Last Friday morning, while I emergency substitute-taught music classes for my boss, my little Jujubee got the chance to spend the morning in the Kindergarten classroom of our church’s school. My husband was out of town for two days, and my boss was in a pickle, so I explained the situation to our Kindergarten teacher, and she was willing to help out.
Wouldn’t you know it, little Jujubee did just great. The K teacher said that she did wonderfully well; she behaved as well as the older kids, and sometimes she behaved better! She had a marvelous time in school, and she loved it too. “I went to school!” she proudly proclaimed for the rest of the day.
My little girl is growing up. My big girl is growing up, too. I have discovered that one of the greatest joys of being a parent is to watch your children move closer to maturity and adulthood. Now, at ages 7 and 3, my kids are a long ways away from adulthood, but I also know that those lessons have to be taught early and often. Sometimes it seems like an uphill battle, it seems like those kids are NEVER going to behave the way I want them to, but…
It’s working. Both of my kids are showing noticeable signs of growing up and maturing.
For my older daughter, I see it in her ability to be unselfish and to consider the needs and wants of others before her own needs and wants. I see it in how she relates to her friends, her sister, and to me. Being unselfish is a lesson that comes hard to her, but I can see her trying, and I try to notice it and commend her for it as often as I can. She is one who flourishes under positive praise, so the more I notice and praise, the better she does.

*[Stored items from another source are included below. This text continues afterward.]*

(* Let $A$ be an $n\times n$ complex matrix with eigenvalues, multiplicities, $P_i$, $N_i$, $B(z)$ and $q_i$ as in the context. Then for each $i$, $$P_i=\frac{1}{(n_i-1)!}\frac{d^{n_i-1}}{dz^{n_i-1}}\left(\frac{B(z)}{q_i(z)}\right)\Big|_{z=\lambda_i},$$ and, if $n_i\ge 2$, $$N_iP_i=\frac{1}{(n_i-2)!}\frac{d^{n_i-2}}{dz^{n_i-2}}\left(\frac{B(z)}{q_i(z)}\right)\Big|_{z=\lambda_i}.$$
   Context: For an $n\times n$ complex matrix $A$ with distinct eigenvalues $\lambda_1,\dots,\lambda_m$ and algebraic multiplicities $n_1,\dots,n_m$, let $W_i=\ker(A-\lambda_i\mathbb{1})^{n_i}$ be the generalized eigenspace of $\lambda_i$, so $\mathbb{C}^n=\bigoplus_i W_i$. Let $P_i$ be the projection onto $W_i$ along $\bigoplus_{j\ne i}W_j$, and let $N_i=(A-\lambda_i\mathbb{1})P_i$. Let $p(z)=\det(z\mathbb{1}-A)=\prod_{j}(z-\lambda_j)^{n_j}$, $B(z)=\operatorname{Adj}(z\mathbb{1}-A)$ (adjugate matrix), and $q_i(z)=\prod_{j\ne i}(z-\lambda_j)^{n_j}$, which is nonzero near $\lambda_i$ so $B(z)/q_i(z)$ is analytic near $\lambda_i$. *)

theory Defs
  imports "HOL-Analysis.Derivative" "Jordan_Normal_Form.Char_Poly" "Jordan_Normal_Form.Determinant"
begin

definition alg_mult :: "complex mat \<Rightarrow> complex \<Rightarrow> nat" where
  "alg_mult A lam = order lam (char_poly A)"

definition gen_eigenspace :: "complex mat \<Rightarrow> complex \<Rightarrow> complex Matrix.vec set" where
  "gen_eigenspace A lam = {v \<in> carrier_vec (dim_row A).
      ((A - lam \<cdot>\<^sub>m 1\<^sub>m (dim_row A)) ^\<^sub>m alg_mult A lam) *\<^sub>v v = 0\<^sub>v (dim_row A)}"

definition spectral_proj :: "complex mat \<Rightarrow> complex \<Rightarrow> complex mat" where
  "spectral_proj A lam = (THE P. P \<in> carrier_mat (dim_row A) (dim_row A) \<and>
      (\<forall>v \<in> gen_eigenspace A lam. P *\<^sub>v v = v) \<and>
      (\<forall>mu. eigenvalue A mu \<and> mu \<noteq> lam \<longrightarrow> (\<forall>v \<in> gen_eigenspace A mu. P *\<^sub>v v = 0\<^sub>v (dim_row A))))"

definition nilp_part :: "complex mat \<Rightarrow> complex \<Rightarrow> complex mat" where
  "nilp_part A lam = (A - lam \<cdot>\<^sub>m 1\<^sub>m (dim_row A)) * spectral_proj A lam"

definition adj_res :: "complex mat \<Rightarrow> complex \<Rightarrow> complex mat" where
  "adj_res A z = adj_mat (z \<cdot>\<^sub>m 1\<^sub>m (dim_row A) - A)"

definition q_fun :: "complex mat \<Rightarrow> complex \<Rightarrow> complex \<Rightarrow> complex" where
  "q_fun A lam z = (\<Prod>mu \<in> {mu. eigenvalue A mu \<and> mu \<noteq> lam}. (z - mu) ^ alg_mult A mu)"

end

theory Submission
  imports
    Defs
    "HOL-Analysis.FPS_Convergence"
    "HOL-Computational_Algebra.Field_as_Ring"
begin

text \<open>
  Write \<open>M = A - \<lambda>\<close>, \<open>m = n\<^sub>\<lambda>\<close> and \<open>B(\<lambda> + t)/q(\<lambda> + t) = \<Sum>\<^sub>k H(k) t\<^sup>k\<close>. Dividing
  the adjugate identity \<open>B(z)(z - A) = p(z)\<close> by \<open>q(z)\<close> gives \<open>(\<Sum>\<^sub>k H(k) t\<^sup>k)(t - M) = t\<^sup>m\<close>,
  i.e. \<open>H(k - 1) = H(k) M\<close> for \<open>k \<noteq> m\<close> (with \<open>H(-1) = 0\<close>) and \<open>H(m - 1) = H(m) M + 1\<close>.
  Hence \<open>P = H(m - 1)\<close> satisfies \<open>P M\<^sup>m = H(0) M = 0\<close>, so \<open>P\<close> vanishes on the range of
  \<open>M\<^sup>m\<close>, which by B\'ezout contains every other generalised eigenspace; and
  \<open>P - 1 = H(m) M = H(2m - 1) M\<^sup>m\<close> vanishes on \<open>W\<^sub>\<lambda> = ker M\<^sup>m\<close>. By Cayley--Hamilton the
  generalised eigenspaces span \<open>\<complex>\<^sup>n\<close>, so \<open>P\<close> is the spectral projection. Finally
  \<open>H(m - 2) = P M = N P\<close>, since \<open>P\<close> is idempotent and commutes with \<open>M\<close>.
\<close>

section \<open>Evaluating polynomials at square matrices\<close>

definition poly_mat :: "'a::comm_ring_1 mat \<Rightarrow> 'a poly \<Rightarrow> 'a mat" where
  "poly_mat A p =
     mat (dim_row A) (dim_row A) (\<lambda>(i,j). \<Sum>k\<le>degree p. coeff p k * (A ^\<^sub>m k) $$ (i,j))"

lemma poly_mat_eq_sum_lessThan:
  assumes "degree p < N"
  shows "poly_mat A p =
           mat (dim_row A) (dim_row A) (\<lambda>(i,j). \<Sum>k<N. coeff p k * (A ^\<^sub>m k) $$ (i,j))"
proof -
  have "(\<Sum>k<N. coeff p k * (A ^\<^sub>m k) $$ (i,j)) = (\<Sum>k\<le>degree p. coeff p k * (A ^\<^sub>m k) $$ (i,j))"
    for i j
    by (rule sum.mono_neutral_right) (use assms in \<open>auto simp: coeff_eq_0\<close>)
  then show ?thesis
    unfolding poly_mat_def by simp
qed

lemma dim_poly_mat [simp]:
  "dim_row (poly_mat A p) = dim_row A" "dim_col (poly_mat A p) = dim_row A"
  unfolding poly_mat_def by auto

lemma poly_mat_carrier [simp]: "A \<in> carrier_mat n n \<Longrightarrow> poly_mat A p \<in> carrier_mat n n"
  unfolding poly_mat_def by auto

lemma pow_mat_Suc_left: "A \<in> carrier_mat n n \<Longrightarrow> A ^\<^sub>m Suc k = A * A ^\<^sub>m k"
proof (induction k)
  case (Suc k)
  then have "A ^\<^sub>m Suc (Suc k) = A * A ^\<^sub>m k * A"
    by simp
  also have "\<dots> = A * (A ^\<^sub>m k * A)"
    using Suc.prems by (simp add: assoc_mult_mat[of _ n n _ n _ n])
  finally show ?case
    by simp
qed simp

lemma poly_mat_pCons:
  assumes A: "A \<in> carrier_mat n n"
  shows "poly_mat A (pCons a p) = a \<cdot>\<^sub>m 1\<^sub>m n + A * poly_mat A p"
proof (rule eq_matI)
  define N where "N = Suc (degree p)"
  have deg: "degree (pCons a p) < Suc N" "degree p < N"
    unfolding N_def by (simp_all add: degree_pCons_le le_imp_less_Suc)
  fix i j
  assume "i < dim_row (a \<cdot>\<^sub>m 1\<^sub>m n + A * poly_mat A p)" "j < dim_col (a \<cdot>\<^sub>m 1\<^sub>m n + A * poly_mat A p)"
  then have i: "i < n" and j: "j < n"
    using A by auto
  have "poly_mat A (pCons a p) $$ (i,j) = (\<Sum>k<Suc N. coeff (pCons a p) k * (A ^\<^sub>m k) $$ (i,j))"
    using A i j by (simp add: poly_mat_eq_sum_lessThan[OF deg(1)])
  also have "\<dots> = a * (if i = j then 1 else 0) + (\<Sum>k<N. coeff p k * (A ^\<^sub>m Suc k) $$ (i,j))"
    using A i j by (subst sum.lessThan_Suc_shift) simp
  also have "(\<Sum>k<N. coeff p k * (A ^\<^sub>m Suc k) $$ (i,j))
           = (\<Sum>k<N. \<Sum>l<n. coeff p k * (A $$ (i,l) * (A ^\<^sub>m k) $$ (l,j)))"
    using A i j
    by (simp del: pow_mat.simps
        add: pow_mat_Suc_left[OF A] scalar_prod_def sum_distrib_left lessThan_atLeast0)
  also have "\<dots> = (\<Sum>l<n. A $$ (i,l) * (\<Sum>k<N. coeff p k * (A ^\<^sub>m k) $$ (l,j)))"
    by (subst sum.swap) (simp add: sum_distrib_left mult_ac)
  also have "\<dots> = (A * poly_mat A p) $$ (i,j)"
    using A i j by (simp add: poly_mat_eq_sum_lessThan[OF deg(2)] scalar_prod_def lessThan_atLeast0)
  finally show "poly_mat A (pCons a p) $$ (i,j) = (a \<cdot>\<^sub>m 1\<^sub>m n + A * poly_mat A p) $$ (i,j)"
    using A i j by simp
qed (use A in auto)

lemma poly_mat_0 [simp]: "poly_mat A 0 = 0\<^sub>m (dim_row A) (dim_row A)"
  unfolding poly_mat_def by (rule eq_matI) auto

lemma poly_mat_add:
  assumes A: "A \<in> carrier_mat n n"
  shows "poly_mat A (p + q) = poly_mat A p + poly_mat A q"
proof (induction p arbitrary: q rule: pCons_induct)
  case 0
  then show ?case
    using A by simp
next
  case (pCons a p)
  obtain b q' where q: "q = pCons b q'"
    by (cases q) auto
  have "poly_mat A (pCons a p + q) = (a + b) \<cdot>\<^sub>m 1\<^sub>m n + A * (poly_mat A p + poly_mat A q')"
    using pCons A by (simp add: q poly_mat_pCons)
  also have "\<dots> = (a \<cdot>\<^sub>m 1\<^sub>m n + A * poly_mat A p) + (b \<cdot>\<^sub>m 1\<^sub>m n + A * poly_mat A q')"
    using A by (subst mult_add_distrib_mat[of _ n n _ n]) (auto intro!: eq_matI simp: algebra_simps)
  finally show ?case
    using A by (simp add: q poly_mat_pCons)
qed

For my younger daughter, I see her growing maturity through her independence and ability to do things on her own. I was so tickled this morning when she ate her breakfast all by herself and put her dishes in the dishwasher by herself. She is very good at picking things up and putting them away, and she’s good at listening to me. Yesterday, as we were getting ready to head to a friend’s place to watch the Packer game, I was feeling a bit frazzled and my words weren’t coming out right. When Jujubee asked me if she could take her Packer pom-poms along, I said “No” when I meant to say “Yes.” Jujubee looked at my strangely, a bit sadly, but without fussing or whining, went to put the pom-poms away. I was confused, and then I realized what I had said. I told Jujubee that I was sorry, I had said the wrong words, but I complimented her hugely on listening to me so well.
Finally, I love the fact that both of my girls have become such wonderful companions for me. I love spending time with my girls; I hope that continues for the rest of our lives. Don’t think I’m a big softy/pushover parent; I’m not. But, parenting isn’t just about ordering your kids around; it’s also about making connections with your kids and providing an example for them to mimic in all sorts of areas. We all so enjoy it when we can be in one of those more relaxed modes, because we have so much fun together. This weekend, due to unusual circumstances, we had two hours to bum around at our local mall. It was fun to just hang out with my girls!
Tonight I taught Jujubee what a “family” is. This came about because I asked her what her last name was. First I asked her what her first name was, which she answered correctly. Then I asked her if she knew what her middle name was, and she proudly told me what it was. Then I asked her what her last name was, and she looked at me blankly. So, I explained the concept of last names to her in a three-year old sort of way. And that sparked the explanation of what a family was. It was fun to see her excitement at catching on to this concept.
It’s no secret that I would love another baby. But, I am so, so thankful for the two lovely ladies that I have. They’re growing up beautifully, and while I complain that they’re growing up too fast, in all honesty, I know they’re not. Without trying to toot my own horn, I think my husband and I are doing a good job with them, and I think they’re well on their way to grow up into young ladies that we can be proud of.
Actually, I’m already proud of them. I do so love my girls. Their presence in our lives is what has created a family for my husband and I, and we are so blessed to have been given these gifts from God.